Data Start Marker
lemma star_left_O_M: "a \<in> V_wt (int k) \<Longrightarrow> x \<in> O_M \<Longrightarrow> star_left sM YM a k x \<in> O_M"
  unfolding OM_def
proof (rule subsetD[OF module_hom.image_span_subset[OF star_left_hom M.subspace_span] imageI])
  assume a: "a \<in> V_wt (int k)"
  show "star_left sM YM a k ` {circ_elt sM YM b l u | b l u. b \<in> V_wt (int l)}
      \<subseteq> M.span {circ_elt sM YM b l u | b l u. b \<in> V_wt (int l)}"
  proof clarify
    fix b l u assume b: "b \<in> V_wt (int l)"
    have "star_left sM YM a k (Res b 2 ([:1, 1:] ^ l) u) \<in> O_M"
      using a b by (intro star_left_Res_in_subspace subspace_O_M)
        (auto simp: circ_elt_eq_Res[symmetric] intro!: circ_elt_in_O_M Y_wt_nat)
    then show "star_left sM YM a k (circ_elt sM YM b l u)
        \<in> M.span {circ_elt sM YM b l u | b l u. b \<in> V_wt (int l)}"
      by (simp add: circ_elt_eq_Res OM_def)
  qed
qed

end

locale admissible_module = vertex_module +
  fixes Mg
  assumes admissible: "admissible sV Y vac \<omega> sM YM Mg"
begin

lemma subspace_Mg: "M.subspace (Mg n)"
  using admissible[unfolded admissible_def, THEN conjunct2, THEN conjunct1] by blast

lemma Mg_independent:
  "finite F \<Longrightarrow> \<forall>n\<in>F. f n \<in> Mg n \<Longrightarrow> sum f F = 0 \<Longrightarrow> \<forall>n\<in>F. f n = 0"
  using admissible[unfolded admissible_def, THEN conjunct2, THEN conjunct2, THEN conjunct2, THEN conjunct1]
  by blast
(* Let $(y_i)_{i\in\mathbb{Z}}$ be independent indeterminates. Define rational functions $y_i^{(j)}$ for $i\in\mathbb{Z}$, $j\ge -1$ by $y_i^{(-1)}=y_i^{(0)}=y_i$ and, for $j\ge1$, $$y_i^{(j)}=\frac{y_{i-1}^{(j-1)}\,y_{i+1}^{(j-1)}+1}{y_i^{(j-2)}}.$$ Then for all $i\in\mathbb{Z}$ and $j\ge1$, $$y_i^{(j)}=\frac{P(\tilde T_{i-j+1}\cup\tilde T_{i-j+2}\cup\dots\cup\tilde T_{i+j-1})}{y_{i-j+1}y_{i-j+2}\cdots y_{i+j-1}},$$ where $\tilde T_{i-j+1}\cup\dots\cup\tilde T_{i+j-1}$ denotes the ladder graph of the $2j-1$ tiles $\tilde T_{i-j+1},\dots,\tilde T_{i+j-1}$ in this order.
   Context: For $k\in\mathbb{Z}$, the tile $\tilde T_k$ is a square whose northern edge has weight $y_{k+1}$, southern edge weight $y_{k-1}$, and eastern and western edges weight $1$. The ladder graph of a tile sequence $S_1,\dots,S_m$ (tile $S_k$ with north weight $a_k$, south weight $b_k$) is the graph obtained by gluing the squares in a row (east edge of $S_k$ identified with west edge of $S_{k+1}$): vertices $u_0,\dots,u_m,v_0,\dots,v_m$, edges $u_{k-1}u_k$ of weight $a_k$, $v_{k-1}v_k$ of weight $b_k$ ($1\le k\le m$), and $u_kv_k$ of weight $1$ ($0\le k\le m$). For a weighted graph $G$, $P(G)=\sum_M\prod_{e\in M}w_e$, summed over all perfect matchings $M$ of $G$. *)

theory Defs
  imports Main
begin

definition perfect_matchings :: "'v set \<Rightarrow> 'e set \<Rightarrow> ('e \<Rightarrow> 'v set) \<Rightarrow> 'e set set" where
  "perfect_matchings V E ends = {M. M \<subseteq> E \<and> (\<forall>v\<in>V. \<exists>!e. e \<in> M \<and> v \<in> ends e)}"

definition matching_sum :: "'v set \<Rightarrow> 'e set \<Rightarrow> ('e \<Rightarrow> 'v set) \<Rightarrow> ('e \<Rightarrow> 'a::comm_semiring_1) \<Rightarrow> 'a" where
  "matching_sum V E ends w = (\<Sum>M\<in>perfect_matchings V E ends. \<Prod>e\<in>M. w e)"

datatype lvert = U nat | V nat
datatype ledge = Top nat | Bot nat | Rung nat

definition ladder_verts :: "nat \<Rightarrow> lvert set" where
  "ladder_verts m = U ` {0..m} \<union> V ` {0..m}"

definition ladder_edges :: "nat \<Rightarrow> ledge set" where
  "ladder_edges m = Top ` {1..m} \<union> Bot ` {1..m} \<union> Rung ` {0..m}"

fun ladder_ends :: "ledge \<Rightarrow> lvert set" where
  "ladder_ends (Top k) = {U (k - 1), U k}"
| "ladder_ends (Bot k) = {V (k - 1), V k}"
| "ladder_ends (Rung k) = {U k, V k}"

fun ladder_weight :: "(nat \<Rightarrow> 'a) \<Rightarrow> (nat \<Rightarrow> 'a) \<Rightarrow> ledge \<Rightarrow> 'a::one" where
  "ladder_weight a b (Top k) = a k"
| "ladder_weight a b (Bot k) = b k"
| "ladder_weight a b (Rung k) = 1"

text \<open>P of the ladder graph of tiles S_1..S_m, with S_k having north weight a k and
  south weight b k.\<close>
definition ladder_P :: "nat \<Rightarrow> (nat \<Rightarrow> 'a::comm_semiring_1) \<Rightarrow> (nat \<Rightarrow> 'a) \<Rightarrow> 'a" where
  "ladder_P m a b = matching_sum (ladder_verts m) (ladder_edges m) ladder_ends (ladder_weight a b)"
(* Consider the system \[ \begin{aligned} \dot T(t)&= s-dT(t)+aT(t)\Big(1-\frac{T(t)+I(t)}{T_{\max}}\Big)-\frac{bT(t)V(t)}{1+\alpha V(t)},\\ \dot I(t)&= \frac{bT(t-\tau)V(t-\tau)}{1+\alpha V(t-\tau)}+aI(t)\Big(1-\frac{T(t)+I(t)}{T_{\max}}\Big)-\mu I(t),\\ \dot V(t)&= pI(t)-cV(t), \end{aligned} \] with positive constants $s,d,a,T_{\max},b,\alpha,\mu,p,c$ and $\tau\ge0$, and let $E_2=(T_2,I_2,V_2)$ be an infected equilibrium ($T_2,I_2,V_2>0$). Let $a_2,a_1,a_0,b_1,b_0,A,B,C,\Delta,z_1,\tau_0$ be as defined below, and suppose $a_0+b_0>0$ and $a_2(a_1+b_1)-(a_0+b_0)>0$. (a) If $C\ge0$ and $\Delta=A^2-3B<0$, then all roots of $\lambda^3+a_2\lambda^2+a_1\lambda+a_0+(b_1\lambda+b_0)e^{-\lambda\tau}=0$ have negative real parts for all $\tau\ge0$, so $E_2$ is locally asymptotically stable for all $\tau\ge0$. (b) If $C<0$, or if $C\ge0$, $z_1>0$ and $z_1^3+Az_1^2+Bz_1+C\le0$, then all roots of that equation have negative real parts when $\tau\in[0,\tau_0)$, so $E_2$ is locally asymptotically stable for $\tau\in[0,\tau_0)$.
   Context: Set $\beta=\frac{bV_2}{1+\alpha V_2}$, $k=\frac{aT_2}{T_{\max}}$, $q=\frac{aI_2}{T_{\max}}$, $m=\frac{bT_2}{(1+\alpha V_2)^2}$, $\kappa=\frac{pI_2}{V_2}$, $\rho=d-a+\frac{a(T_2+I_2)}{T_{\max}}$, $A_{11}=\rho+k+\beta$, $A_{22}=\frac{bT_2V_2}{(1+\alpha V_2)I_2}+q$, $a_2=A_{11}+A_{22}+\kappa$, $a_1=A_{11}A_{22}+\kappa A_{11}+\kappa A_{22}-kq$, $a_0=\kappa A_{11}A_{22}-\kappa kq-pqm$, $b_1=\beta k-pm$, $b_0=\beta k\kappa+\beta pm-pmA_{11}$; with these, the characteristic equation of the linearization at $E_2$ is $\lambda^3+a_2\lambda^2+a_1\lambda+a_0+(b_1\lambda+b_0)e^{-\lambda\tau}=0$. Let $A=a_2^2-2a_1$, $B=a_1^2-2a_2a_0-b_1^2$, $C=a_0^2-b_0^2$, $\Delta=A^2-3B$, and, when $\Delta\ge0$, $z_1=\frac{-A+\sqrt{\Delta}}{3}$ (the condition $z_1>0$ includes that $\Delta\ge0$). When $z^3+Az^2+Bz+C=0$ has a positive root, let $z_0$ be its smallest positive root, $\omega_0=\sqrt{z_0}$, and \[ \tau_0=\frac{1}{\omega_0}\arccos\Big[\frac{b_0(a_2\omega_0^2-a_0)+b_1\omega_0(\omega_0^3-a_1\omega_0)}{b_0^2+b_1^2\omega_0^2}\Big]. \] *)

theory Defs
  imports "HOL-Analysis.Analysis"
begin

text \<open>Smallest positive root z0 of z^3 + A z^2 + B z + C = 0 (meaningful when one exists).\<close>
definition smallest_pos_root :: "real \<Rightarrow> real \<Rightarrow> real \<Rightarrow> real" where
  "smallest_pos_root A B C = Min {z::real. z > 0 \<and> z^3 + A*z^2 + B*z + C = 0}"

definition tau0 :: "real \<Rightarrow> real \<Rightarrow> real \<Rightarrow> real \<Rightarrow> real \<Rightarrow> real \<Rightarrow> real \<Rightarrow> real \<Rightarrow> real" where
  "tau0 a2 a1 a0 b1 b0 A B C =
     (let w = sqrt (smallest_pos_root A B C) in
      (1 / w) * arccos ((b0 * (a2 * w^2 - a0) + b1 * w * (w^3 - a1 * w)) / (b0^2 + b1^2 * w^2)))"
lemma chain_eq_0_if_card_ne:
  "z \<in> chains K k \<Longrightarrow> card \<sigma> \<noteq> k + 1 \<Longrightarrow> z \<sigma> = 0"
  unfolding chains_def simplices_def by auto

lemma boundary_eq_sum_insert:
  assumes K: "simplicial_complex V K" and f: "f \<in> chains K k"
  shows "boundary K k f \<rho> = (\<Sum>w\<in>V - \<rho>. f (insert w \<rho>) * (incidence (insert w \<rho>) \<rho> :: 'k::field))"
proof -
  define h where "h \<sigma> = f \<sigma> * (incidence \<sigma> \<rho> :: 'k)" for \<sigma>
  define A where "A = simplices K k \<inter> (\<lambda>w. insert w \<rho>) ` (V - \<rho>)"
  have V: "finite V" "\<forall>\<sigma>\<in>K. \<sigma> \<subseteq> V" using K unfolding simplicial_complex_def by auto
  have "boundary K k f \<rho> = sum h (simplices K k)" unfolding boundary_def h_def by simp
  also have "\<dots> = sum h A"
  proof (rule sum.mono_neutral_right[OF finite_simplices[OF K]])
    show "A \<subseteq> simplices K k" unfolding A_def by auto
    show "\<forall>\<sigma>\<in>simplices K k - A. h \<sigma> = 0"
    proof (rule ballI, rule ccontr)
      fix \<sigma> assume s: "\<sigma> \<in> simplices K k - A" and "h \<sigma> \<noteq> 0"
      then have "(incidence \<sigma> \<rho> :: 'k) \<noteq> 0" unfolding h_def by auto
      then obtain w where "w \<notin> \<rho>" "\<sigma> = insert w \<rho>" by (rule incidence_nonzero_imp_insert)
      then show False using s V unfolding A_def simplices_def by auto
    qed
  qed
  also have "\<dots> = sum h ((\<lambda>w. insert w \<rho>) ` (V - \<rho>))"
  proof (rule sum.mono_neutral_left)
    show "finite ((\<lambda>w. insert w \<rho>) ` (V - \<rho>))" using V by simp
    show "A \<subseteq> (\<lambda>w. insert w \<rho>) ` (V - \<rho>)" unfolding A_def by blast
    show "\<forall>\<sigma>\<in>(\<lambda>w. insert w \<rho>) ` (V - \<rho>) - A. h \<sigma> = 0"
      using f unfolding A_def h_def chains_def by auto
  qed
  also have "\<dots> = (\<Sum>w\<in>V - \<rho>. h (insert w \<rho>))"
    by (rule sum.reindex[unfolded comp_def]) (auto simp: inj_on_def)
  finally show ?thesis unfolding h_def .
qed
Data End Marker
### Task brief:
If a line in the data contains the string "Rung", copy it.

### Task answer:
datatype ledge = Top nat | Bot nat | Rung nat
  "ladder_edges m = Top ` {1..m} \<union> Bot ` {1..m} \<union> Rung ` {0..m}"
| "ladder_ends (Rung k) = {U k, V k}"
| "ladder_weight a b (Rung k) = 1"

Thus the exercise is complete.